The conclusion that the plaintiff has failed to allege a breach of fiduciary obligation is not the end of the RICO claim. For while acknowledging that violations of the Truth in Lending Act are not predicate acts, the plaintiff argues that they become such when mail and wire communications are used to further them. It is a rare case of extension of credit that does not involve mail or wire communications, and so the practical effect of the plaintiff's argument would be to criminalize the Truth in Lending Act — for remember that it is through the mail and wire fraud statutes, which are criminal, that the plaintiffs seek to convert TILA into a basis for RICO liability.

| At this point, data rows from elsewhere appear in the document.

(* Let $A$ be an invertible $n$-by-$n$ doubly nonnegative matrix and let $W=[w_{ij}]$ be its sign change matrix. Then: (1) if $w_{ij}=0$ or $w_{ij}=1$, the critical exponent of the $i,j$-entry of $A$ is $0$; (2) if $w_{ij}=2$, the critical exponent of the $i,j$-entry of $A$ is at most $1$.
   Context: A real matrix is doubly nonnegative if it is symmetric, positive semidefinite, and entry-wise nonnegative. Write $A=UDU^T$ with $U=[u_{ij}]$ real orthogonal and $D=\mathrm{diag}(\lambda_1,\dots,\lambda_n)$, $\lambda_1\ge\cdots\ge\lambda_n>0$; for real $t\ge 0$, $A^t=UD^tU^T$ (so $A^0=I_n$), and $(A^t)_{ij}=\sum_k u_{ik}u_{jk}\lambda_k^t$. The sign change matrix $W$ has $w_{ij}$ equal to the number of sign changes in the coefficient sequence $(u_{i1}u_{j1},\dots,u_{in}u_{jn})$, arranged in decreasing order of the corresponding eigenvalues (zeros ignored). The critical exponent of the $i,j$-entry of $A$ is the least $m\ge 0$ such that $(A^t)_{ij}\ge 0$ for all $t\ge m$. *)

theory Defs
  imports Complex_Main "Jordan_Normal_Form.Matrix"
begin

definition doubly_nonnegative :: "nat \<Rightarrow> real mat \<Rightarrow> bool" where
  "doubly_nonnegative n A \<longleftrightarrow>
     A \<in> carrier_mat n n \<and> A\<^sup>T = A \<and>
     (\<forall>x \<in> carrier_vec n. x \<bullet> (A *\<^sub>v x) \<ge> 0) \<and>
     (\<forall>i<n. \<forall>j<n. A $$ (i,j) \<ge> 0)"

What is true is that conduct in violation of TILA might constitute a scheme to defraud within the meaning of the mail and wire fraud statutes, but this must be separately alleged. Concealing from credit purchasers the true cost of credit might be part of a scheme to defraud — or, if it resulted simply from a misunderstanding of a complex statute, might not be. The district court was right to think that if the defendants had not violated the Truth in Lending Act, a fortiori they had not engaged in criminal fraud. Since there was a violation, that ground is not robust. But as we read the complaint and the plaintiff's briefs in this court, his only theory of a violation of RICO (apart from breach of fiduciary obligation, which we have rejected) is that a violation of the Truth in Lending Act that is accomplished through mail or wire communications is a predicate act, and this theory is clearly unsound.

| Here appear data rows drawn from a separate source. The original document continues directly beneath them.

definition Uset :: "nat \<Rightarrow> nat \<Rightarrow> nat set \<Rightarrow> (nat \<Rightarrow> real) set" where
  "Uset d k S = {x \<in> Rd d. \<exists>S' \<in> desc d k S. supp x \<subseteq> S'}"

text \<open>F(S) as an infimum in the extended reals (it may be -infinity).\<close>
definition Fval :: "nat \<Rightarrow> nat \<Rightarrow> ((nat \<Rightarrow> real) \<Rightarrow> real) \<Rightarrow> nat set \<Rightarrow> ereal" where
  "Fval d k P S = (INF x \<in> Uset d k S. ereal (P x))"

definition Vstar :: "nat \<Rightarrow> nat \<Rightarrow> (nat \<Rightarrow> real) \<Rightarrow> nat set set" where
  "Vstar d k xs = {S \<in> Vset d k. xs \<in> Uset d k S}"

text \<open>Processing the children list (in arbitrary order) of a popped node:
  each child is either pruned (allowed only if low T > P_min) or pushed,
  updating the incumbent x_min (P_min = P x_min).\<close>
inductive proc_children ::
  "((nat \<Rightarrow> real) \<Rightarrow> real) \<Rightarrow> (nat set \<Rightarrow> real) \<Rightarrow> (nat set \<Rightarrow> (nat \<Rightarrow> real))
   \<Rightarrow> nat set list \<Rightarrow> nat set multiset \<Rightarrow> (nat \<Rightarrow> real) \<Rightarrow> nat set multiset \<Rightarrow> (nat \<Rightarrow> real) \<Rightarrow> bool"
  for P low sol where
  pc_nil: "proc_children P low sol [] Q xm Q xm"
| pc_prune: "low T > P xm \<Longrightarrow> proc_children P low sol ts Q xm Q' xm'
             \<Longrightarrow> proc_children P low sol (T # ts) Q xm Q' xm'"
| pc_push: "proc_children P low sol ts (add_mset T Q) (if P (sol T) < P xm then sol T else xm) Q' xm'
             \<Longrightarrow> proc_children P low sol (T # ts) Q xm Q' xm'"

datatype bfs_state = Running "nat set multiset" "nat \<Rightarrow> real" | Returned "nat \<Rightarrow> real"

inductive bfs_step ::
  "nat \<Rightarrow> nat \<Rightarrow> ((nat \<Rightarrow> real) \<Rightarrow> real) \<Rightarrow> (nat set \<Rightarrow> real) \<Rightarrow> (nat set \<Rightarrow> (nat \<Rightarrow> real))
   \<Rightarrow> real \<Rightarrow> bfs_state \<Rightarrow> bfs_state \<Rightarrow> bool"
  for d k P low sol \<Delta> where
  bfs_return: "S \<in># Q \<Longrightarrow> (\<forall>T \<in># Q. low S \<le> low T) \<Longrightarrow> P (sol S) \<le> low S + \<Delta>
     \<Longrightarrow> bfs_step d k P low sol \<Delta> (Running Q xm) (Returned (sol S))"
| bfs_expand: "S \<in># Q \<Longrightarrow> (\<forall>T \<in># Q. low S \<le> low T) \<Longrightarrow> \<not> (P (sol S) \<le> low S + \<Delta>)
     \<Longrightarrow> distinct ts \<Longrightarrow> set ts = children d k S
     \<Longrightarrow> proc_children P low sol ts (Q - {#S#}) xm Q' xm'
     \<Longrightarrow> bfs_step d k P low sol \<Delta> (Running Q xm) (Running Q' xm')"

end

theory Submission
  imports Defs "HOL-Library.Multiset_Order"
begin

text \<open>
  Termination: expanding a node S replaces it in the queue by children, each of cardinality
  |S| + 1 \<le> k, so the multiset of the numbers k - |S| over the queue decreases in the
  multiset order, which is well-founded.

  Correctness: fix G \<in> V* whose solution is certified, P(sol G) \<le> low G + \<Delta>. Every ancestor A
  of G satisfies low A \<le> F(A) \<le> P(x*) \<le> P_min, so it is never pruned. Hence the queue always
  contains an ancestor of G: when that ancestor is expanded it is not G (G would have been
  returned), and the child on the path to G is pushed. In particular the queue is never empty,
  so the search can only stop by returning some sol S, and since S has minimal key,
  P(sol S) \<le> low S + \<Delta> \<le> low A + \<Delta> \<le> P(x*) + \<Delta>.
\<close>

lemma proc_children_pushed:
  "proc_children P low sol ts Q xm Q' xm' \<Longrightarrow> \<exists>M. Q' = Q + M \<and> set_mset M \<subseteq> set ts"
proof (induction rule: proc_children.induct)
  case (pc_nil Q xm)
  show ?case by (intro exI[of _ "{#}"]) auto
next
  case (pc_prune T xm ts Q Q' xm')
  then show ?case by auto
next
  case (pc_push ts T Q xm Q' xm')
  then obtain M where "Q' = add_mset T Q + M" "set_mset M \<subseteq> set ts" by auto
  then show ?case by (intro exI[of _ "add_mset T M"]) auto
qed

lemma proc_children_pushes_low_children:
  assumes "proc_children P low sol ts Q xm Q' xm'"
    and "\<forall>T\<in>set ts. c \<le> P (sol T)" and "c \<le> P xm"
  shows "c \<le> P xm' \<and> (\<forall>T\<in>set ts. low T \<le> c \<longrightarrow> T \<in># Q')"
  using assms
proof (induction rule: proc_children.induct)
  case (pc_nil Q xm)
  then show ?case by auto
next
  case (pc_prune T xm ts Q Q' xm')
  then show ?case by auto
next
  case (pc_push ts T Q xm Q' xm')
  have "T \<in># Q'"
    using proc_children_pushed[OF pc_push.hyps] by auto
  with pc_push show ?case by auto
qed

lemma proc_children_exists: "\<exists>Q' xm'. proc_children P low sol ts Q xm Q' xm'"
proof (induction ts arbitrary: Q xm)
  case Nil
  then show ?case by (auto intro: pc_nil)
next
  case (Cons T ts)
  then show ?case by (meson pc_push)
qed

lemma finite_Vset: "finite (Vset d k)"
  by (rule finite_subset[of _ "Pow {1..d}"]) (auto simp: Vset_def)

lemma finite_children: "finite (children d k S)"
  by (rule finite_subset[OF _ finite_Vset]) (auto simp: children_def Eset_def)

lemma empty_in_Vset: "k \<le> d \<Longrightarrow> {} \<in> Vset d k"
  by (simp add: Vset_def max0_def)

lemma child_in_Vset: "T \<in> children d k S \<Longrightarrow> T \<in> Vset d k"
  by (simp add: children_def Eset_def)

lemma card_child:
  assumes "T \<in> children d k S"
  shows "card T = Suc (card S)"
proof -
  have T: "T \<in> Vset d k" "T \<noteq> {}" "S = T - {Max T}"
    using assms by (auto simp: children_def Eset_def)
  then have "finite T"
    by (auto simp: Vset_def intro: finite_subset)
  with T show ?thesis
    by (metis Max_in card_Suc_Diff1)
qed

lemma desc_trans: "T \<in> desc d k S \<Longrightarrow> U \<in> desc d k T \<Longrightarrow> U \<in> desc d k S"
  by (simp add: desc_def)

lemma desc_through_child:
  assumes "G \<in> desc d k S" and "G \<noteq> S"
  obtains T where "T \<in> children d k S" and "G \<in> desc d k T"
  using assms by (auto simp: desc_def children_def elim: converse_rtranclE)

lemma parent_in_Vset:
  assumes S: "S \<in> Vset d k" and "S \<noteq> {}"
  shows "S - {Max S} \<in> Vset d k"
proof -
  define S' where "S' = S - {Max S}"
  have fin: "finite S" using S by (auto simp: Vset_def intro: finite_subset)
  have mx: "Max S \<in> S" using fin \<open>S \<noteq> {}\<close> by simp
  have card: "card S = Suc (card S')" using fin mx unfolding S'_def by (metis card_Suc_Diff1)
  have sub: "S \<subseteq> {1..d}" and kS: "k - card S \<le> d - Max S"
    using S \<open>S \<noteq> {}\<close> by (auto simp: Vset_def max0_def)
  have "Max S \<le> d" "1 \<le> Max S" using mx sub by auto
  moreover have "max0 S' < Max S"
  proof (cases "S' = {}")
    case False
    moreover have "finite S'" using fin by (simp add: S'_def)
    ultimately have "Max S' \<in> S'" by simp
    then have "Max S' \<in> S" "Max S' \<noteq> Max S" by (auto simp: S'_def)
    then have "Max S' < Max S" using fin by (simp add: order_le_neq_trans)
    then show ?thesis using False by (simp add: max0_def)
  qed (use \<open>1 \<le> Max S\<close> in \<open>simp add: max0_def\<close>)
  ultimately have "k - card S' \<le> d - max0 S'" using kS card by linarith
  then show ?thesis using S sub card by (auto simp: Vset_def S'_def)
qed

lemma Vset_in_desc_empty: "S \<in> Vset d k \<Longrightarrow> S \<in> desc d k {}"
proof (induction "card S" arbitrary: S)
  case 0
  then have "finite S" by (auto simp: Vset_def intro: finite_subset)
  with 0 have "S = {}" by simp
  then show ?case by (simp add: desc_def)
next
  case (Suc n)
  then have "S \<noteq> {}" by auto
  define S' where "S' = S - {Max S}"
  have S': "S' \<in> Vset d k" using parent_in_Vset[OF Suc.prems \<open>S \<noteq> {}\<close>] by (simp add: S'_def)
  have "S \<in> children d k S'" using S' Suc.prems \<open>S \<noteq> {}\<close> by (simp add: children_def Eset_def S'_def)
  then have "card S' = n" using card_child Suc.hyps(2) by fastforce
  then have "S' \<in> desc d k {}" using Suc.hyps(1) S' by simp
  with \<open>S \<in> children d k S'\<close> show ?case by (auto simp: desc_def children_def)
qed

lemma Fval_le_of_desc:
  assumes "x \<in> Uset d k T" and "T \<in> desc d k S"
  shows "Fval d k P S \<le> ereal (P x)"
proof -
  have "x \<in> Uset d k S" using assms by (auto simp: Uset_def intro: desc_trans)
  then show ?thesis unfolding Fval_def by (rule INF_lower)
qed

definition queue_measure :: "nat \<Rightarrow> bfs_state \<Rightarrow> nat multiset" where
  "queue_measure k s =
     (case s of Running Q xm \<Rightarrow> image_mset (\<lambda>S. k - card S) Q | Returned x \<Rightarrow> {#})"

lemma bfs_step_decreases_queue_measure:
  assumes "bfs_step d k P low sol \<Delta> s (Running Q' xm')"
  shows "queue_measure k (Running Q' xm') < queue_measure k s"
  using assms
proof cases
  case (bfs_expand S Q ts xm)
  let ?f = "\<lambda>S. k - card S"
  obtain M where M: "Q' = (Q - {#S#}) + M" "set_mset M \<subseteq> children d k S"
    using proc_children_pushed[OF bfs_expand(7)] bfs_expand(6) by auto
  have "?f T < ?f S" if "T \<in># M" for T
  proof -
    have "T \<in> children d k S" using that M(2) by auto
    then have "card T = Suc (card S)" "card T \<le> k"
      using card_child child_in_Vset by (auto simp: Vset_def)
    then show ?thesis by simp
  qed
  then have "image_mset ?f M < {#?f S#}" by auto
  then have "image_mset ?f (Q - {#S#}) + image_mset ?f M < image_mset ?f (Q - {#S#}) + {#?f S#}"
    by simp
  moreover have "image_mset ?f Q = image_mset ?f (Q - {#S#}) + {#?f S#}"
  proof -
    have "image_mset ?f Q = image_mset ?f (add_mset S (Q - {#S#}))"
      using bfs_expand(2) by simp
    then show ?thesis by simp
  qed
  ultimately show ?thesis using bfs_expand(1) M(1) by (simp add: queue_measure_def)
qed

lemma bfs_step_no_infinite_run: "\<nexists>f. \<forall>n. bfs_step d k P low sol \<Delta> (f n) (f (Suc n))"
proof
  assume "\<exists>f. \<forall>n. bfs_step d k P low sol \<Delta> (f n) (f (Suc n))"
  then obtain f where f: "\<And>n. bfs_step d k P low sol \<Delta> (f n) (f (Suc n))" by blast
  have running: "\<exists>Q xm. f n = Running Q xm" for n
    using f[of n] by (auto elim: bfs_step.cases)
  have "queue_measure k (f (Suc n)) < queue_measure k (f n)" for n
    using f[of n] running[of "Suc n"] bfs_step_decreases_queue_measure by auto
  then show False
    using wf_no_infinite_down_chainE[OF wf_less_multiset, of "\<lambda>n. queue_measure k (f n)"] by auto
qed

So we affirm the dismissal of the RICO claim, and of the Truth in Lending Act claim against the finance company; but we remand the other TILA claims to the district court for further proceedings consistent with this opinion. We also direct that court to reinstate, at least provisionally, the supplemental state law claims that it relinquished jurisdiction over when it decided that the plaintiff had failed to state a federal claim.
Affirmed in Part, Reversed in Part, and Remanded.